In [None]:
import numpy as np
import pandas as pd
from tqdm.notebook import tqdm
from sklearn.model_selection import train_test_split
from sklearn.metrics import classification_report, confusion_matrix
import tensorflow as tf
from tensorflow.keras import Model
from tensorflow.keras.models import load_model
from tensorflow.keras.preprocessing.text import Tokenizer
from tensorflow.keras.layers import Input, LSTM, Dense, Dropout, Subtract
from tensorflow.keras.callbacks import ModelCheckpoint, TerminateOnNaN, CSVLogger
tqdm.pandas()

MAX_LEN = 64

# Functions

In [None]:
def tokenize_inputs(phrase_a, phrase_b, tokenizer):

    tokenized_phrases = tokenizer.texts_to_sequences([phrase_a, phrase_b])
    tokenized_phrases_for_output = []
    for phrase in tokenized_phrases:
        if len(phrase) < MAX_LEN:
            length_to_pad = MAX_LEN - len(phrase)
            phrase_for_output = ([0] * length_to_pad) + phrase
        elif len(phrase) > MAX_LEN:
            phrase_for_output = phrase[-MAX_LEN:]
        else:
            phrase_for_output = phrase
        tokenized_phrases_for_output.append(phrase_for_output)

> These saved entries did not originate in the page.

definition simplicial_complex :: "'v set set \<Rightarrow> bool" where
  "simplicial_complex X \<longleftrightarrow>
     (\<forall>\<sigma>\<in>X. finite \<sigma> \<and> \<sigma> \<noteq> {}) \<and>
     (\<forall>\<sigma>\<in>X. \<forall>\<tau>. \<tau> \<subseteq> \<sigma> \<and> \<tau> \<noteq> {} \<longrightarrow> \<tau> \<in> X)"

definition simp :: "'v set set \<Rightarrow> nat \<Rightarrow> 'v set set" where
  "simp X k = {\<sigma>\<in>X. card \<sigma> = k + 1}"

definition vertices :: "'v set set \<Rightarrow> 'v set" where
  "vertices X = \<Union>X"

definition pure_complex :: "nat \<Rightarrow> 'v set set \<Rightarrow> bool" where
  "pure_complex n X \<longleftrightarrow> simplicial_complex X \<and>
     (\<forall>\<sigma>\<in>X. \<exists>\<sigma>'\<in>simp X n. \<sigma> \<subseteq> \<sigma>') \<and> (\<forall>\<sigma>\<in>X. card \<sigma> \<le> n + 1)"

text \<open>Partite: the vertex set is partitioned into V_0,...,V_n via the colouring
  col (V_i = vertices of colour i), and every n-simplex has exactly one vertex
  in each V_i.\<close>
definition partite :: "nat \<Rightarrow> 'v set set \<Rightarrow> ('v \<Rightarrow> nat) \<Rightarrow> bool" where
  "partite n X col \<longleftrightarrow>
     (\<forall>v\<in>vertices X. col v \<le> n) \<and>
     (\<forall>\<sigma>\<in>simp X n. \<forall>i\<le>n. card {v\<in>\<sigma>. col v = i} = 1)"

definition type_of :: "('v \<Rightarrow> nat) \<Rightarrow> 'v set \<Rightarrow> nat set" where
  "type_of col \<tau> = col ` \<tau>"

definition gallery_adj :: "nat \<Rightarrow> 'v set set \<Rightarrow> 'v set \<Rightarrow> 'v set \<Rightarrow> bool" where
  "gallery_adj n X \<sigma> \<sigma>' \<longleftrightarrow> \<sigma> \<in> simp X n \<and> \<sigma>' \<in> simp X n \<and> card (\<sigma> \<inter> \<sigma>') = n"

definition gallery_connected :: "nat \<Rightarrow> 'v set set \<Rightarrow> bool" where
  "gallery_connected n X \<longleftrightarrow>
     (\<forall>\<sigma>\<in>simp X n. \<forall>\<sigma>'\<in>simp X n. (gallery_adj n X)\<^sup>*\<^sup>* \<sigma> \<sigma>')"

definition link :: "'v set set \<Rightarrow> 'v set \<Rightarrow> 'v set set" where
  "link X \<rho> = {\<tau>\<in>X. \<tau> \<inter> \<rho> = {} \<and> \<tau> \<union> \<rho> \<in> X}"

text \<open>A 1-dimensional link viewed as a graph: vertices are its 0-simplices,
  edges its 1-simplices. Connected finite graph.\<close>
definition link_adj :: "'v set set \<Rightarrow> 'v set \<Rightarrow> 'v \<Rightarrow> 'v \<Rightarrow> bool" where
  "link_adj X \<rho> u w \<longleftrightarrow> {u, w} \<in> link X \<rho> \<and> u \<noteq> w"

definition connected_finite_link :: "'v set set \<Rightarrow> 'v set \<Rightarrow> bool" where
  "connected_finite_link X \<rho> \<longleftrightarrow>
     finite (vertices (link X \<rho>)) \<and>
     (\<forall>u\<in>vertices (link X \<rho>). \<forall>w\<in>vertices (link X \<rho>). (link_adj X \<rho>)\<^sup>*\<^sup>* u w)"

definition topological_group :: "('g, 'b) monoid_scheme \<Rightarrow> 'g topology \<Rightarrow> bool" where
  "topological_group G T \<longleftrightarrow> group G \<and> topspace T = carrier G \<and>
     continuous_map (prod_topology T T) T (\<lambda>(x, y). x \<otimes>\<^bsub>G\<^esub> y) \<and>
     continuous_map T T (\<lambda>x. inv\<^bsub>G\<^esub> x)"

definition locally_compact_group :: "('g, 'b) monoid_scheme \<Rightarrow> 'g topology \<Rightarrow> bool" where
  "locally_compact_group G T \<longleftrightarrow> topological_group G T \<and> Hausdorff_space T \<and>
     locally_compact_space T"

text \<open>A (left) Haar measure on G which is also right invariant, i.e. G is
  unimodular and mu is its Haar measure.\<close>
definition bi_invariant_haar_measure ::
    "('g, 'b) monoid_scheme \<Rightarrow> 'g topology \<Rightarrow> 'g measure \<Rightarrow> bool" where
  "bi_invariant_haar_measure G T \<mu> \<longleftrightarrow>
     space \<mu> = topspace T \<and>
     sets \<mu> = sigma_sets (topspace T) {U. openin T U} \<and>
     (\<forall>K. compactin T K \<longrightarrow> emeasure \<mu> K < \<infinity>) \<and>
     (\<forall>U. openin T U \<and> U \<noteq> {} \<longrightarrow> emeasure \<mu> U > 0) \<and>
     (\<forall>K. compactin T K \<longrightarrow> emeasure \<mu> K = (INF U\<in>{U. openin T U \<and> K \<subseteq> U}. emeasure \<mu> U)) \<and>
     (\<forall>U. openin T U \<longrightarrow> emeasure \<mu> U = (SUP K\<in>{K. compactin T K \<and> K \<subseteq> U}. emeasure \<mu> K)) \<and>
     (\<forall>g\<in>carrier G. \<forall>A\<in>sets \<mu>.
        emeasure \<mu> ((\<lambda>h. g \<otimes>\<^bsub>G\<^esub> h) ` A) = emeasure \<mu> A \<and>
        emeasure \<mu> ((\<lambda>h. h \<otimes>\<^bsub>G\<^esub> g) ` A) = emeasure \<mu> A)"

definition simplex_stabilizer :: "('g, 'b) monoid_scheme \<Rightarrow> ('g \<Rightarrow> 'v \<Rightarrow> 'v) \<Rightarrow> 'v set \<Rightarrow> 'g set" where
  "simplex_stabilizer G act \<tau> = {g\<in>carrier G. act g ` \<tau> = \<tau>}"

definition type_preserving_simplicial_action ::
    "('g, 'b) monoid_scheme \<Rightarrow> 'v set set \<Rightarrow> ('v \<Rightarrow> nat) \<Rightarrow> ('g \<Rightarrow> 'v \<Rightarrow> 'v) \<Rightarrow> bool" where
  "type_preserving_simplicial_action G X col act \<longleftrightarrow>
     group_action G (vertices X) act \<and>
     (\<forall>g\<in>carrier G. \<forall>\<sigma>\<in>X. act g ` \<sigma> \<in> X) \<and>
     (\<forall>g\<in>carrier G. \<forall>v\<in>vertices X. col (act g v) = col v)"

definition cocompact_action :: "('g, 'b) monoid_scheme \<Rightarrow> 'v set set \<Rightarrow> ('g \<Rightarrow> 'v \<Rightarrow> 'v) \<Rightarrow> bool" where
  "cocompact_action G X act \<longleftrightarrow>
     finite {{act g ` \<sigma> | g. g \<in> carrier G} | \<sigma>. \<sigma> \<in> X}"

definition strongly_continuous_rep ::
    "('g, 'b) monoid_scheme \<Rightarrow> 'g topology \<Rightarrow> ('g \<Rightarrow> 'e::banach \<Rightarrow> 'e) \<Rightarrow> bool" where
  "strongly_continuous_rep G T \<pi> \<longleftrightarrow>
     (\<forall>g\<in>carrier G. bounded_linear (\<pi> g)) \<and>
     \<pi> \<one>\<^bsub>G\<^esub> = id \<and>
     (\<forall>g\<in>carrier G. \<forall>h\<in>carrier G. \<pi> (g \<otimes>\<^bsub>G\<^esub> h) = \<pi> g \<circ> \<pi> h) \<and>
     (\<forall>x. continuous_map T euclidean (\<lambda>g. \<pi> g x))"
(* Let $R$ be a ring, $M$ a nonzero left $R$-module, $\Omega$ an infinite set, $N$ either $\bigoplus_{i\in\Omega} M$ or $\prod_{i\in\Omega} M$, and $E=\mathrm{End}_R(N)$. Let $(U_i)_{i\in I}$ be a family of subsets of $E$ with $\bigcup_{i\in I}U_i=E$ and $|I|\le|\Omega|$. Then there exist $i\in I$ and a moiety $\Sigma\subseteq\Omega$ such that $\Sigma$ is full with respect to $U_i$.
   Context: Rings are unital and associative; endomorphisms are written on the right of their arguments. For $\Sigma\subseteq\Omega$, $M^{\Sigma}$ denotes the $R$-submodule of $N$ consisting of elements supported on the coordinates in $\Sigma$ (so $N = M^{\Sigma}\oplus M^{\Omega\setminus\Sigma}$). For $U\subseteq E$, let $U_{\{\Sigma\}}=\{f\in U : M^{\Sigma}f\subseteq M^{\Sigma},\ M^{\Omega\setminus\Sigma}f\subseteq M^{\Omega\setminus\Sigma}\}$. A subset $\Sigma\subseteq\Omega$ is called full with respect to $U\subseteq E$ if every $R$-endomorphism of $M^{\Sigma}$ is the restriction to $M^{\Sigma}$ of some member of $U_{\{\Sigma\}}$. A subset $\Sigma\subseteq\Omega$ is a moiety if $|\Sigma|=|\Omega|=|\Omega\setminus\Sigma|$. *)

theory Defs
  imports "HOL-Library.FuncSet" "HOL-Library.Equipollence"
begin

definition left_module :: "('r::ring_1 \<Rightarrow> 'm::ab_group_add \<Rightarrow> 'm) \<Rightarrow> bool" where
  "left_module smul \<longleftrightarrow>
     (\<forall>r x y. smul r (x + y) = smul r x + smul r y) \<and>
     (\<forall>r s x. smul (r + s) x = smul r x + smul s x) \<and>
     (\<forall>r s x. smul (r * s) x = smul r (smul s x)) \<and>
     (\<forall>x. smul 1 x = x)"

definition prod_mod :: "'i set \<Rightarrow> ('i \<Rightarrow> 'm::zero) set" where
  "prod_mod \<Omega> = {f. \<forall>i. i \<notin> \<Omega> \<longrightarrow> f i = 0}"

definition dsum_mod :: "'i set \<Rightarrow> ('i \<Rightarrow> 'm::zero) set" where
  "dsum_mod \<Omega> = {f \<in> prod_mod \<Omega>. finite {i. f i \<noteq> 0}}"

text \<open>R-endomorphisms of a submodule S of N (with coordinatewise operations),
  represented extensionally (undefined outside S).\<close>
definition End_on ::
  "('r::ring_1 \<Rightarrow> 'm::ab_group_add \<Rightarrow> 'm) \<Rightarrow> ('i \<Rightarrow> 'm) set \<Rightarrow> (('i \<Rightarrow> 'm) \<Rightarrow> ('i \<Rightarrow> 'm)) set" where
  "End_on smul S = {\<phi>. \<phi> \<in> extensional S \<and> \<phi> ` S \<subseteq> S \<and>
     (\<forall>x\<in>S. \<forall>y\<in>S. \<phi> (\<lambda>i. x i + y i) = (\<lambda>i. \<phi> x i + \<phi> y i)) \<and>
     (\<forall>r. \<forall>x\<in>S. \<phi> (\<lambda>i. smul r (x i)) = (\<lambda>i. smul r (\<phi> x i)))}"

definition supp_sub :: "('i \<Rightarrow> 'm::zero) set \<Rightarrow> 'i set \<Rightarrow> 'i set \<Rightarrow> ('i \<Rightarrow> 'm) set" where
  "supp_sub N \<Omega> \<Sigma> = {f \<in> N. \<forall>i\<in>\<Omega> - \<Sigma>. f i = 0}"
lemma exists_grid_point_near:
  fixes u :: "'a::euclidean_space" and h :: real
  assumes h: "0 < h" and u: "norm u \<le> 1"
  obtains k where "k \<in> Basis \<rightarrow>\<^sub>E {-\<lceil>1 / h\<rceil>..\<lceil>1 / h\<rceil>}" "norm (u - grid_point h k) \<le> real DIM('a) * h"
proof
  define k where "k = restrict (\<lambda>b. \<lfloor>(u \<bullet> b) / h\<rfloor>) Basis"
  have ub: "\<bar>u \<bullet> b\<bar> \<le> 1" if "b \<in> Basis" for b
    using Basis_le_norm[OF that, of u] u by (simp add: inner_commute)
  show "k \<in> Basis \<rightarrow>\<^sub>E {-\<lceil>1 / h\<rceil>..\<lceil>1 / h\<rceil>}"
  proof -
    have "\<lfloor>(u \<bullet> b) / h\<rfloor> \<in> {-\<lceil>1 / h\<rceil>..\<lceil>1 / h\<rceil>}" if "b \<in> Basis" for b
    proof -
      have "- (1 / h) \<le> (u \<bullet> b) / h" "(u \<bullet> b) / h \<le> 1 / h"
        using ub[OF that] h by (auto simp: divide_le_eq le_divide_eq abs_le_iff)
      then show ?thesis
        by (simp add: ceiling_def floor_mono le_floor_iff floor_le_iff) linarith
    qed
    then show ?thesis
      by (simp add: k_def)
  qed
  have "\<bar>(u - grid_point h k) \<bullet> b\<bar> \<le> h" if b: "b \<in> Basis" for b
  proof -
    have "h * of_int \<lfloor>(u \<bullet> b) / h\<rfloor> \<le> u \<bullet> b" "u \<bullet> b < h * of_int \<lfloor>(u \<bullet> b) / h\<rfloor> + h"
      using h floor_correct[of "(u \<bullet> b) / h"] by (auto simp: le_divide_eq divide_less_eq algebra_simps)
    then show ?thesis
      using b by (simp add: grid_point_def k_def inner_diff_left
          inner_sum_Basis_scaleR[where f = "\<lambda>b. h * of_int (k b)", unfolded k_def])
  qed
  then have "norm (u - grid_point h k) \<le> (\<Sum>b\<in>(Basis::'a set). h)"
    by (intro order_trans[OF norm_le_l1] sum_mono)
  then show "norm (u - grid_point h k) \<le> real DIM('a) * h"
    by simp
qed

lemma card_grid_le:
  fixes h :: real
  assumes "0 < h"
  shows "real (card (Basis \<rightarrow>\<^sub>E {-\<lceil>1 / h\<rceil>..\<lceil>1 / h\<rceil>} :: ('a::euclidean_space \<Rightarrow> int) set))
    \<le> (2 / h + 3) ^ DIM('a)"
proof -
  have "0 < 1 / h"
    using assms by simp
  then have "0 \<le> \<lceil>1 / h\<rceil>" "of_int \<lceil>1 / h\<rceil> \<le> 1 / h + 1"
    by linarith+
  then have "real (nat (2 * \<lceil>1 / h\<rceil> + 1)) \<le> 2 * (1 / h) + 3"
    by linarith
  then show ?thesis
    by (simp add: card_PiE power_mono)
qed

lemma sphere_net:
  fixes \<delta> :: real
  assumes \<delta>: "0 < \<delta>" "\<delta> \<le> 1"
  obtains N :: "'a::euclidean_space set" where "finite N" "\<And>w. w \<in> N \<Longrightarrow> norm w = 1"
    "\<And>u. norm u = 1 \<Longrightarrow> \<exists>w\<in>N. norm (u - w) \<le> \<delta>"
    "real (card N) \<le> (4 * real DIM('a) / \<delta> + 3) ^ DIM('a)"
proof -
  define d where "d = real DIM('a)"
  have d1: "1 \<le> d"
    unfolding d_def using DIM_positive[where 'a='a] by linarith
  define h where "h = \<delta> / (2 * d)"
  have h: "0 < h" "d * h = \<delta> / 2"
    unfolding h_def using \<delta> d1 by auto
  define M where "M = \<lceil>1 / h\<rceil>"
  define K where "K = (Basis::'a set) \<rightarrow>\<^sub>E {-M..M}"
  define N where "N = sgn ` (grid_point h ` K - {0})"
  have fK: "finite K"
    unfolding K_def by (intro finite_PiE) auto
  have "real (card N) \<le> real (card K)"
    unfolding N_def using fK by (intro of_nat_mono order_trans[OF card_image_le card_image_le]
        order_trans[OF card_mono card_image_le]) auto
  also have "\<dots> \<le> (2 / h + 3) ^ DIM('a)"
    using card_grid_le[OF h(1)] by (simp add: K_def M_def)
  also have "2 / h = 4 * real DIM('a) / \<delta>"
    by (simp add: h_def d_def)
  finally have card_N: "real (card N) \<le> (4 * real DIM('a) / \<delta> + 3) ^ DIM('a)" .
  have norm_N: "norm w = 1" if w: "w \<in> N" for w
  proof -
    obtain g where "g \<noteq> 0" "w = sgn g"
      using w unfolding N_def by auto
    then show ?thesis
      by (simp add: norm_sgn)
  qed
  have cover_N: "\<exists>w\<in>N. norm (u - w) \<le> \<delta>" if u: "norm u = 1" for u
  proof -
    obtain k where k: "k \<in> K" and near: "norm (u - grid_point h k) \<le> \<delta> / 2"
      using exists_grid_point_near[OF h(1), of u] u h(2) unfolding K_def M_def d_def by auto
    define g where "g = grid_point h k"
    have "g \<noteq> 0"
      using near \<delta> u unfolding g_def by auto
    then have "sgn g \<in> N"
      using k unfolding N_def g_def by auto
    moreover have "norm (u - sgn g) \<le> \<delta>"
      using norm_sub_sgn_le[OF u, of g] near unfolding g_def by simp
    ultimately show ?thesis
      by blast
  qed
  show thesis
    using that[OF _ norm_N cover_N card_N] fK unfolding N_def by simp
qed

    return tf.constant(tokenized_phrases_for_output, dtype=tf.float64)

In [None]:
def create_model():
  
    word_a_input_tokens = Input(
      shape=(MAX_LEN, 1), name='word_a_input_tokens'
      )
    word_b_input_tokens = Input(
      shape=(MAX_LEN, 1), name='word_b_input_tokens'
      )

    common_lstm = LSTM(64, return_sequences=False, activation="relu", name="common_lstm_layer")

    word_a_lstm_output = common_lstm(word_a_input_tokens)
    word_b_lstm_output = common_lstm(word_b_input_tokens)

    #concatenate_lstm_outputs
    concat_layer = Subtract(name="concatenate_lastm_outputs")(
      [word_a_lstm_output, word_b_lstm_output]
      )
    
    # dense layers before final classification
    dense_layers = Dense(64, activation="relu", name="first_dense_layer")(concat_layer)
    dense_layers = Dropout(0.5)(dense_layers)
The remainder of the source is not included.